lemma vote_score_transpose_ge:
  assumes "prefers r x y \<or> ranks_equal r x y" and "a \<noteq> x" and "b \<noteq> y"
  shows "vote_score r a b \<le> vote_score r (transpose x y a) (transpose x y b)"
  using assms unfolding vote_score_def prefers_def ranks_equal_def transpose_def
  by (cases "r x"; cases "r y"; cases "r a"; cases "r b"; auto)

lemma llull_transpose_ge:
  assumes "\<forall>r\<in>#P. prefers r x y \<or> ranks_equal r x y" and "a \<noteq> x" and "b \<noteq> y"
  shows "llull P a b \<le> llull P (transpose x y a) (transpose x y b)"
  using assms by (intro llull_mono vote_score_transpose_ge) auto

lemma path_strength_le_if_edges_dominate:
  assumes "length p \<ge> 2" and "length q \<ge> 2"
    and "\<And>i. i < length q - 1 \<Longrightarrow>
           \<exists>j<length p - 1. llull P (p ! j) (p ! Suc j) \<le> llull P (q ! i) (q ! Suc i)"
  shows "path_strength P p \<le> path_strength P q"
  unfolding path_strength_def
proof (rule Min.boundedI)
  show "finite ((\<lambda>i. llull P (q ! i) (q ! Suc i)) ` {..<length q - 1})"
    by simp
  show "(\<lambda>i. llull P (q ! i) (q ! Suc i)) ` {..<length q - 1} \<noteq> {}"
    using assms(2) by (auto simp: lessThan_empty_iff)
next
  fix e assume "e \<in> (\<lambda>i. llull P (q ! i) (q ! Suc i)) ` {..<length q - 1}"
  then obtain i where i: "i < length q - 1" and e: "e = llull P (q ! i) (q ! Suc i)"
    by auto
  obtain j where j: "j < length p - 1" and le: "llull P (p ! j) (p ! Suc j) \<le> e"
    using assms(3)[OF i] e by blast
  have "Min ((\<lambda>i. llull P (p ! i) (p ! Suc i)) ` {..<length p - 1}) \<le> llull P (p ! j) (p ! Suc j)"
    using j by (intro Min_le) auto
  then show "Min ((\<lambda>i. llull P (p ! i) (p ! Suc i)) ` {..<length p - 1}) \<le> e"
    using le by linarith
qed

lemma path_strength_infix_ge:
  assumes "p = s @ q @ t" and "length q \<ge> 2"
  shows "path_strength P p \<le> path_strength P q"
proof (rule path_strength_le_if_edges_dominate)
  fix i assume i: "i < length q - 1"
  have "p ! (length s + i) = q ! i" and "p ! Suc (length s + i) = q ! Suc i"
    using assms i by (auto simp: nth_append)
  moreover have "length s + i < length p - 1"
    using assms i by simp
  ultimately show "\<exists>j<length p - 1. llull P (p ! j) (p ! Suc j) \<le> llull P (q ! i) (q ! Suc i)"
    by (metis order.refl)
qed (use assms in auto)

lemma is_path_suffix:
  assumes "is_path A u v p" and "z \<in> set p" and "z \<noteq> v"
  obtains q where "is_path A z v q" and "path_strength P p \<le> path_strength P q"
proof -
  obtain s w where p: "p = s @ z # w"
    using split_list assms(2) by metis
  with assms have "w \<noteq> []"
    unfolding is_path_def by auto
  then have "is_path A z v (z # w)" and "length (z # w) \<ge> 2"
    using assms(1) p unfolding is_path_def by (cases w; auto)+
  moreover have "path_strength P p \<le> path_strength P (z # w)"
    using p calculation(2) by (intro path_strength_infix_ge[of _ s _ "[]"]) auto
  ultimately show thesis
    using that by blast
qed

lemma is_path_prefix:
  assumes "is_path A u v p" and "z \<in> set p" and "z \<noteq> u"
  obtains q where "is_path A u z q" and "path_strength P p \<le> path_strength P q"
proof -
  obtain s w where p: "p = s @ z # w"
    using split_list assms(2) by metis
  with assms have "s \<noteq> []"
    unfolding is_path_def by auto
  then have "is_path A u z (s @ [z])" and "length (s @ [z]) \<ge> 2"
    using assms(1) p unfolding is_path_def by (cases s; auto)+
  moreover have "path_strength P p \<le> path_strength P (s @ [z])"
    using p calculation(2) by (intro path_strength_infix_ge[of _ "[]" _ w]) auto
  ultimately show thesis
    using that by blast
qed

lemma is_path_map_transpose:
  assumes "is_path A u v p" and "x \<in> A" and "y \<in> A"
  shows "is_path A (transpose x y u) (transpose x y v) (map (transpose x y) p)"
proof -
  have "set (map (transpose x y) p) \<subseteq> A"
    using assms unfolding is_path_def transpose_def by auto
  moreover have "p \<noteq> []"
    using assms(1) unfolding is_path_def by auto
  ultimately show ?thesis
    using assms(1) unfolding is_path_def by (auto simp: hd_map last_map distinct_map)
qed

━━━━━━

▶ [Exercise directions]
Look above for the line holding "((\<lambda>i. llull P (q" and the line holding "using assms(3)[OF i] e by blast", then output exactly those two lines and every line between them, nothing more.

▶ [Solution]
  show "finite ((\<lambda>i. llull P (q ! i) (q ! Suc i)) ` {..<length q - 1})"
    by simp
  show "(\<lambda>i. llull P (q ! i) (q ! Suc i)) ` {..<length q - 1} \<noteq> {}"
    using assms(2) by (auto simp: lessThan_empty_iff)
next
  fix e assume "e \<in> (\<lambda>i. llull P (q ! i) (q ! Suc i)) ` {..<length q - 1}"
  then obtain i where i: "i < length q - 1" and e: "e = llull P (q ! i) (q ! Suc i)"
    by auto
  obtain j where j: "j < length p - 1" and le: "llull P (p ! j) (p ! Suc j) \<le> e"
    using assms(3)[OF i] e by blast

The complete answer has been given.